Given records:
___

lemma num_matchings_copies_le_exp:
  assumes "finite E" "\<forall>e\<in>E. card e = 2" "\<forall>j>n. num_matchings E j = 0"
    and bound: "\<forall>j. real (num_matchings E j) \<le> A * exp (s * (real j - real k))" and "0 \<le> A"
  shows "real (num_matchings (copies_edges E m) K)
    \<le> ((real n + 1) * A) ^ m * exp (s * (real K - real m * real k))"
proof (induction m arbitrary: K)
  case 0
  show ?case
    by (simp add: num_matchings_empty)
next
  case (Suc m)
  define T where "T = A * ((real n + 1) * A) ^ m * exp (s * (real K - real (Suc m) * real k))"
  have term_le: "real (num_matchings E j) * real (num_matchings (copies_edges E m) (K - j))
      \<le> (if j \<le> n then T else 0)" if "j \<le> K" for j
  proof (cases "j \<le> n")
    case True
    have "real (num_matchings E j) * real (num_matchings (copies_edges E m) (K - j))
        \<le> (A * exp (s * (real j - real k)))
          * (((real n + 1) * A) ^ m * exp (s * (real (K - j) - real m * real k)))"
      using bound Suc.IH[of "K - j"] assms(5) by (intro mult_mono) auto
    also have "\<dots> = T"
      using that unfolding T_def by (simp add: of_nat_diff algebra_simps flip: exp_add)
    finally show ?thesis
      using True by simp
  qed (use assms(3) in simp)
  have "real (num_matchings (copies_edges E (Suc m)) K)
      \<le> (\<Sum>j\<le>K. real (num_matchings E j) * real (num_matchings (copies_edges E m) (K - j)))"
    using num_matchings_copies_Suc_le[OF assms(1,2)] by (simp flip: of_nat_mult of_nat_sum)
  also have "\<dots> \<le> (\<Sum>j\<le>K. if j \<le> n then T else 0)"
    using term_le by (intro sum_mono) simp
  also have "\<dots> = real (card ({..K} \<inter> {..n})) * T"
    by (simp add: sum.If_cases Int_def atMost_def)
  also have "\<dots> \<le> (real n + 1) * T"
  proof -
    have "card ({..K} \<inter> {..n}) \<le> card {..n}"
      by (intro card_mono) auto
    then show ?thesis
      using assms(5) unfolding T_def by (intro mult_right_mono) auto
  qed
  also have "\<dots> = ((real n + 1) * A) ^ Suc m * exp (s * (real K - real (Suc m) * real k))"
    unfolding T_def by (simp add: algebra_simps)
  finally show ?case .
qed
(* Let $(A,\cdot,[\cdot,\cdot],\alpha)$ be a Hom-Poisson algebra with $\alpha$ invertible, and let $\omega\in\wedge^2A^*$ be nondegenerate (i.e. $\omega^\sharp:A\to A^*$, $\langle\omega^\sharp(x),y\rangle=\omega(x,y)$, is invertible) such that for all $x,y,z\in A$: $\omega(x\cdot y,\alpha(z))+\omega(y\cdot z,\alpha(x))+\omega(z\cdot x,\alpha(y))=0$, $\omega([x,y],\alpha(z))+\omega([y,z],\alpha(x))+\omega([z,x],\alpha(y))=0$, and $\omega(x,y)=\omega(\alpha(x),\alpha(y))$. Then there is a compatible Hom-pre-Poisson algebra structure $(A,\diamond,*,\alpha)$ on $A$ determined by $\omega(x\diamond y,z)=\omega(y,\alpha^{-1}(x)\cdot\alpha^{-2}(z))$ and $\omega(x*y,z)=-\omega(y,[\alpha^{-1}(x),\alpha^{-2}(z)])$ for all $x,y,z\in A$.
   Context: A Hom-Poisson algebra $(A,\cdot,[\cdot,\cdot],\alpha)$: $(A,\cdot,\alpha)$ commutative Hom-associative (commutative product, $\alpha$ multiplicative, $\alpha(x)\cdot(y\cdot z)=(x\cdot y)\cdot\alpha(z)$), $(A,[\cdot,\cdot],\alpha)$ Hom-Lie (skew bracket, $\alpha$ multiplicative, $[\alpha x,[y,z]]+[\alpha y,[z,x]]+[\alpha z,[x,y]]=0$), and $[\alpha(x),y\cdot z]=[x,y]\cdot\alpha(z)+\alpha(y)\cdot[x,z]$. A Hom-pre-Poisson algebra $(A,\diamond,*,\alpha)$: $\alpha$ multiplicative for both products, $\alpha(x)\diamond(y\diamond z)=(x\diamond y)\diamond\alpha(z)+(y\diamond x)\diamond\alpha(z)$, $(x*y)*\alpha(z)-\alpha(x)*(y*z)=(y*x)*\alpha(z)-\alpha(y)*(x*z)$, $(x*y-y*x)\diamond\alpha(z)=\alpha(x)*(y\diamond z)-\alpha(y)\diamond(x*z)$, $(x\diamond y+y\diamond x)*\alpha(z)=\alpha(x)\diamond(y*z)+\alpha(y)\diamond(x*z)$. It is compatible with $(A,\cdot,[\cdot,\cdot],\alpha)$ if $x\cdot y=x\diamond y+y\diamond x$ and $[x,y]=x*y-y*x$. *)

theory Defs
  imports Complex_Main
begin

definition bilinear_map ::
  "('k::field \<Rightarrow> 'v::ab_group_add \<Rightarrow> 'v) \<Rightarrow> ('k \<Rightarrow> 'w::ab_group_add \<Rightarrow> 'w) \<Rightarrow> ('v \<Rightarrow> 'v \<Rightarrow> 'w) \<Rightarrow> bool"
  where "bilinear_map s1 s2 f \<longleftrightarrow>
     (\<forall>x. Vector_Spaces.linear s1 s2 (f x)) \<and> (\<forall>y. Vector_Spaces.linear s1 s2 (\<lambda>x. f x y))"
(* Let $d=2$, $\theta\in\mathcal{S}_e^{\rm sep}$, and for $k\in\mathbb{R}$ let $$\Psi_\pm(k):=\int_{|x_2|<|k|}\mathcal{F}^{-1}\theta\big(\pm(|k|-|x_2|),x_2\big)dx_2.$$ Then $$\Psi_+(k)+\Psi_-(k)=\frac{1}{2\pi^2}\int_{\mathbb{R}}dw_1\sin(w_1|k|)\,\mathrm{PV}\!\!\int\Big(\frac{dw_2}{w_2+w_1}-\frac{dw_2}{w_2-w_1}\Big)\theta(w_1,w_2)+\frac{1}{2\pi^2}\int_{\mathbb{R}}dw_2\sin(w_2|k|)\,\mathrm{PV}\!\!\int\Big(\frac{dw_1}{w_1+w_2}-\frac{dw_1}{w_1-w_2}\Big)\theta(w_1,w_2).$$
   Context: Inverse Fourier transform on $\mathbb{R}^2$: $\mathcal{F}^{-1}\theta(\mathbf{x})=(2\pi)^{-2}\int_{\mathbb{R}^2}\theta(\mathbf{w})e^{i\mathbf{x}\cdot\mathbf{w}}d\mathbf{w}$. $\mathcal{S}_e^{\rm sep}$ is the linear span of functions $\varphi(\mathbf{w})+\varphi(-\mathbf{w})$ with $\varphi(\mathbf{w})=\varphi_1(w_1)\varphi_2(w_2)$, $\varphi_i\in\mathcal{S}(\mathbb{R})$ (Schwartz space). $\mathrm{PV}\!\int(\frac{dw_2}{w_2+w_1}-\frac{dw_2}{w_2-w_1})\theta:=\mathrm{PV}\!\int\frac{\theta(w_1,w_2)}{w_2+w_1}dw_2-\mathrm{PV}\!\int\frac{\theta(w_1,w_2)}{w_2-w_1}dw_2$, where $\mathrm{PV}\!\int\frac{g(w)}{w-c}dw=\lim_{\epsilon\to0+}\int_{|w-c|>\epsilon}\frac{g(w)}{w-c}dw$. *)

theory Defs
  imports "HOL-Analysis.Analysis"
begin

definition schwartz_real :: "(real \<Rightarrow> real) \<Rightarrow> bool" where
  "schwartz_real g \<longleftrightarrow>
     (\<forall>n x. ((deriv ^^ n) g) differentiable (at x)) \<and>
     (\<forall>m n. bounded (range (\<lambda>x. x ^ m * (deriv ^^ n) g x)))"

definition schwartz :: "(real \<Rightarrow> complex) \<Rightarrow> bool" where
  "schwartz f \<longleftrightarrow> schwartz_real (\<lambda>x. Re (f x)) \<and> schwartz_real (\<lambda>x. Im (f x))"

definition sep_even_schwartz :: "(real \<times> real \<Rightarrow> complex) set" where
  "sep_even_schwartz = {\<theta>. \<exists>(n::nat) (c::nat \<Rightarrow> complex) \<phi>1 \<phi>2.
      (\<forall>i<n. schwartz (\<phi>1 i) \<and> schwartz (\<phi>2 i)) \<and>
      (\<forall>w1 w2. \<theta> (w1, w2) =
         (\<Sum>i<n. c i * (\<phi>1 i w1 * \<phi>2 i w2 + \<phi>1 i (-w1) * \<phi>2 i (-w2))))}"

definition inv_fourier2 :: "(real \<times> real \<Rightarrow> complex) \<Rightarrow> real \<times> real \<Rightarrow> complex" where
  "inv_fourier2 \<theta> x = (1 / (2 * pi) ^ 2) *
      (LINT w|lborel. \<theta> w * exp (\<i> * complex_of_real (x \<bullet> w)))"

definition PV :: "(real \<Rightarrow> complex) \<Rightarrow> real \<Rightarrow> complex" where
  "PV g c = Lim (at_right 0)
      (\<lambda>\<epsilon>. LINT w : {w. \<epsilon> < \<bar>w - c\<bar>} | lborel. g w / complex_of_real (w - c))"

text \<open>Psi_s(k) for sign s = 1 (Psi_+) or s = -1 (Psi_-).\<close>
definition Psi :: "(real \<times> real \<Rightarrow> complex) \<Rightarrow> real \<Rightarrow> real \<Rightarrow> complex" where
  "Psi \<theta> s k = (LINT x2 : {x2. \<bar>x2\<bar> < \<bar>k\<bar>} | lborel.
      inv_fourier2 \<theta> (s * (\<bar>k\<bar> - \<bar>x2\<bar>), x2))"

end

theory Submission
  imports Defs
begin

text \<open>Fubini turns \<open>Psi_+(k) + Psi_-(k)\<close> into \<open>1/(2 pi^2)\<close> times the integral of \<open>\<theta>\<close>
  against the kernel \<open>(sin Kw1 - sin Kw2)/(w1 - w2) + (sin Kw1 + sin Kw2)/(w1 + w2)\<close>, \<open>K = |k|\<close>,
  which is what the plane waves \<open>e^{i x.w}\<close> integrate to along the square \<open>|x1| + |x2| = K\<close>.
  The right-hand side is the same expression read through partial fractions: truncating the
  singular denominators at distance \<open>\<epsilon>\<close>, the two iterated truncated principal values add up
  exactly to the integral of \<open>\<theta>\<close> against the correspondingly truncated kernel. As \<open>\<epsilon> \<rightarrow> 0\<close> the
  truncated kernel stays bounded by \<open>2K\<close>, and for separable \<open>\<theta>\<close> with integrable Lipschitz
  factors the truncated principal values stay uniformly bounded, so dominated convergence applies
  on both sides.\<close>

section \<open>Integrable Lipschitz functions\<close>

(* Schwartz functions enter the argument only through these two properties. *)
definition decaying_lipschitz :: "(real \<Rightarrow> complex) \<Rightarrow> bool" where
  "decaying_lipschitz f \<longleftrightarrow> (\<exists>C. \<forall>x. norm (f x) \<le> C / (1 + x\<^sup>2)) \<and> (\<exists>M. M-lipschitz_on UNIV f)"

lemma integrable_inverse_1_plus_square: "integrable lborel (\<lambda>x::real. 1 / (1 + x\<^sup>2))"
proof -
  have "set_integrable lborel (einterval (-\<infinity>) \<infinity>) (\<lambda>x::real. inverse (1 + x\<^sup>2))"
  proof (rule interval_integral_FTC_nonneg(1)[where F=arctan and A="-(pi/2)" and B="pi/2"])
    show "((arctan \<circ> real_of_ereal) \<longlongrightarrow> - (pi / 2)) (at_right (- \<infinity>))"
      unfolding ereal_tendsto_simps by (rule tendsto_arctan_at_bot)
    show "((arctan \<circ> real_of_ereal) \<longlongrightarrow> (pi / 2)) (at_left \<infinity>)"
      unfolding ereal_tendsto_simps by (rule tendsto_arctan_at_top)
  qed (auto intro!: DERIV_arctan continuous_intros simp: add_pos_nonneg add_nonneg_eq_0_iff)
  then show ?thesis
    by (simp add: set_integrable_def einterval_iff divide_inverse)
qed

___

What you need to do:
Collect the lines of the records that include the string "times".

Reply to the task:
definition sep_even_schwartz :: "(real \<times> real \<Rightarrow> complex) set" where
definition inv_fourier2 :: "(real \<times> real \<Rightarrow> complex) \<Rightarrow> real \<times> real \<Rightarrow> complex" where
definition Psi :: "(real \<times> real \<Rightarrow> complex) \<Rightarrow> real \<Rightarrow> real \<Rightarrow> complex" where
text \<open>Fubini turns \<open>Psi_+(k) + Psi_-(k)\<close> into \<open>1/(2 pi^2)\<close> times the integral of \<open>\<theta>\<close>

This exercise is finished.